[Stored data]
....................

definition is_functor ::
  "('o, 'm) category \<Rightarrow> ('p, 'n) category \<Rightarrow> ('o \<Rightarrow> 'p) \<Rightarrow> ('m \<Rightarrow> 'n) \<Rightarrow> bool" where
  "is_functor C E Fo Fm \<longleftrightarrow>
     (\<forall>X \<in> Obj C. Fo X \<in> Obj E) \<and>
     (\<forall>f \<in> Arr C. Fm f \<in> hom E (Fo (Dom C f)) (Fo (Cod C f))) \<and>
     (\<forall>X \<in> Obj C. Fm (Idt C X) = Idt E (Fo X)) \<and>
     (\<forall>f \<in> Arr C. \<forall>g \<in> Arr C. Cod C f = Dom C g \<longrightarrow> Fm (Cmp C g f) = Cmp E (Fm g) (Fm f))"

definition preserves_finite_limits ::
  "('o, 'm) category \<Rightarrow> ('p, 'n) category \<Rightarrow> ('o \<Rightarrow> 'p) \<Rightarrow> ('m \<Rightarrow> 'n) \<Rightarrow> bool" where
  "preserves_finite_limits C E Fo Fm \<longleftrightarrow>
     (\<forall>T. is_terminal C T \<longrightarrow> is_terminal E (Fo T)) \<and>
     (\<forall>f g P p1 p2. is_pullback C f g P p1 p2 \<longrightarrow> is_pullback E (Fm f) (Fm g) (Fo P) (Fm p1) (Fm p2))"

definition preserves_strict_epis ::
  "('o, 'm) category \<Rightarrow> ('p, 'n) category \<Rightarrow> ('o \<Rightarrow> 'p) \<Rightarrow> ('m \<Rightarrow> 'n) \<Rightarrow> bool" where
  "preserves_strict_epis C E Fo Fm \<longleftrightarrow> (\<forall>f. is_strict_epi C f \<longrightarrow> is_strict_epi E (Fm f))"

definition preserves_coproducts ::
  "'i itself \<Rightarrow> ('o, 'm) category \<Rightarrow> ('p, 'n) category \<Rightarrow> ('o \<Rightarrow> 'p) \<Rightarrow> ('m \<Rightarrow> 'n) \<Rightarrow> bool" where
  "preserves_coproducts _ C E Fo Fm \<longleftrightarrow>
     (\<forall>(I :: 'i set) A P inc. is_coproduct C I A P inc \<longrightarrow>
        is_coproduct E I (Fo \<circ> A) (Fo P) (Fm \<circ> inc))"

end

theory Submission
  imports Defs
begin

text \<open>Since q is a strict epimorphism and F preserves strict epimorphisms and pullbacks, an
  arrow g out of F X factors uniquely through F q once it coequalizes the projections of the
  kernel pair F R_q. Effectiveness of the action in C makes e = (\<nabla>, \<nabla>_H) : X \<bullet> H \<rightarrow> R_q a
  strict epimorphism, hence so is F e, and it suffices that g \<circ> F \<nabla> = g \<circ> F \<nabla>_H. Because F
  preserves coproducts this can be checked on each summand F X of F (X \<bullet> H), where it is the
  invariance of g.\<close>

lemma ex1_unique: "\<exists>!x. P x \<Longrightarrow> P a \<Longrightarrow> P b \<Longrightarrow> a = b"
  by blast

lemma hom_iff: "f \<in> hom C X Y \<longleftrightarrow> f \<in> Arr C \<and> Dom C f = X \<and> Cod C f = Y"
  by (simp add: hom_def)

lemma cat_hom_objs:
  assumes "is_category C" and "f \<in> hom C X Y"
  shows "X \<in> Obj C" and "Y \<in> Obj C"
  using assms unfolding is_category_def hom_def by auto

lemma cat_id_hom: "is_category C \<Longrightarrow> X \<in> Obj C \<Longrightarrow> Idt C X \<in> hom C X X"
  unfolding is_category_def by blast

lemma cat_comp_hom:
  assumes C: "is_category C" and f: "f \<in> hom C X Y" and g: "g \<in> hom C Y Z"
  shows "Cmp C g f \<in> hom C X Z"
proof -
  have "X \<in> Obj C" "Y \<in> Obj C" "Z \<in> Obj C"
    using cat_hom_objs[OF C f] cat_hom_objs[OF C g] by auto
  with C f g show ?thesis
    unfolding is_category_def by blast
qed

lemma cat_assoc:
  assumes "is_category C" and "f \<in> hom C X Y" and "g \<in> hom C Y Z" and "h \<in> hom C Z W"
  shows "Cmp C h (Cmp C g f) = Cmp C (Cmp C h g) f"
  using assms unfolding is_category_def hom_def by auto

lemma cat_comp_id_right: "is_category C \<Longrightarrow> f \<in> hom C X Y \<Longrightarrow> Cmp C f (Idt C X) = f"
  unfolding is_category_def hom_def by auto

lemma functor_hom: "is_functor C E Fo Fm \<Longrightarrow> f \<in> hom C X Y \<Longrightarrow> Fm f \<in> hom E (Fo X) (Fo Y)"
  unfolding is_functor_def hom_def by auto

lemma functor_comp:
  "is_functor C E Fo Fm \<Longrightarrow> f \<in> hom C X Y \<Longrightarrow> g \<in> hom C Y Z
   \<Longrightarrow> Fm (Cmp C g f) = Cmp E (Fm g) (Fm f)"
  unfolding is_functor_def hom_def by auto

....................

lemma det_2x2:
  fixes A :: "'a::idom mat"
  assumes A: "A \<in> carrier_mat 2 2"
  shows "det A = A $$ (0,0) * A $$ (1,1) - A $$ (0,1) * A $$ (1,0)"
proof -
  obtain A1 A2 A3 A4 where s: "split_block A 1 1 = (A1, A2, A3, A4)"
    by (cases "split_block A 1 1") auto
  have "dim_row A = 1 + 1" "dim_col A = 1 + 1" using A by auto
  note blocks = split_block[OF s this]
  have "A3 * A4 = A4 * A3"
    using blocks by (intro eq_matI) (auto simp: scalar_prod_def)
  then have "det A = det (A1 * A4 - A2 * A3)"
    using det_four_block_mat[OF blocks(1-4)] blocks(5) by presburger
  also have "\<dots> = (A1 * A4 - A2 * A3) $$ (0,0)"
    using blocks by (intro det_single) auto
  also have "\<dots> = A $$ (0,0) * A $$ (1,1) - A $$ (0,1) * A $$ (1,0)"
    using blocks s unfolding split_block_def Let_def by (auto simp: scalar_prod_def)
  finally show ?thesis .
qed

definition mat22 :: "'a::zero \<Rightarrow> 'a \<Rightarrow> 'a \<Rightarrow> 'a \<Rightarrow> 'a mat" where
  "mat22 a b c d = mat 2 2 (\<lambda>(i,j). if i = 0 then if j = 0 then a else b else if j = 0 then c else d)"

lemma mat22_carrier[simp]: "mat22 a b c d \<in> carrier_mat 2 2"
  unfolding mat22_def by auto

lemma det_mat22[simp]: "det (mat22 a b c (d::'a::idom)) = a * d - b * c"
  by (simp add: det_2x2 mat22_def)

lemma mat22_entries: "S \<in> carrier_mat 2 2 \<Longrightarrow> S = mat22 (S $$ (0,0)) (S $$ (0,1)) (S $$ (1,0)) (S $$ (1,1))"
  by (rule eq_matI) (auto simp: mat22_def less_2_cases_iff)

....................

ASSIGNMENT —
Nothing should appear in the answer except the lines above from the line with "Fm \<longleftrightarrow> (\<forall>f." through the line with "text \<open>Since q", both included, written out exactly.

YOUR RESPONSE —
  "preserves_strict_epis C E Fo Fm \<longleftrightarrow> (\<forall>f. is_strict_epi C f \<longrightarrow> is_strict_epi E (Fm f))"

definition preserves_coproducts ::
  "'i itself \<Rightarrow> ('o, 'm) category \<Rightarrow> ('p, 'n) category \<Rightarrow> ('o \<Rightarrow> 'p) \<Rightarrow> ('m \<Rightarrow> 'n) \<Rightarrow> bool" where
  "preserves_coproducts _ C E Fo Fm \<longleftrightarrow>
     (\<forall>(I :: 'i set) A P inc. is_coproduct C I A P inc \<longrightarrow>
        is_coproduct E I (Fo \<circ> A) (Fo P) (Fm \<circ> inc))"

end

theory Submission
  imports Defs
begin

text \<open>Since q is a strict epimorphism and F preserves strict epimorphisms and pullbacks, an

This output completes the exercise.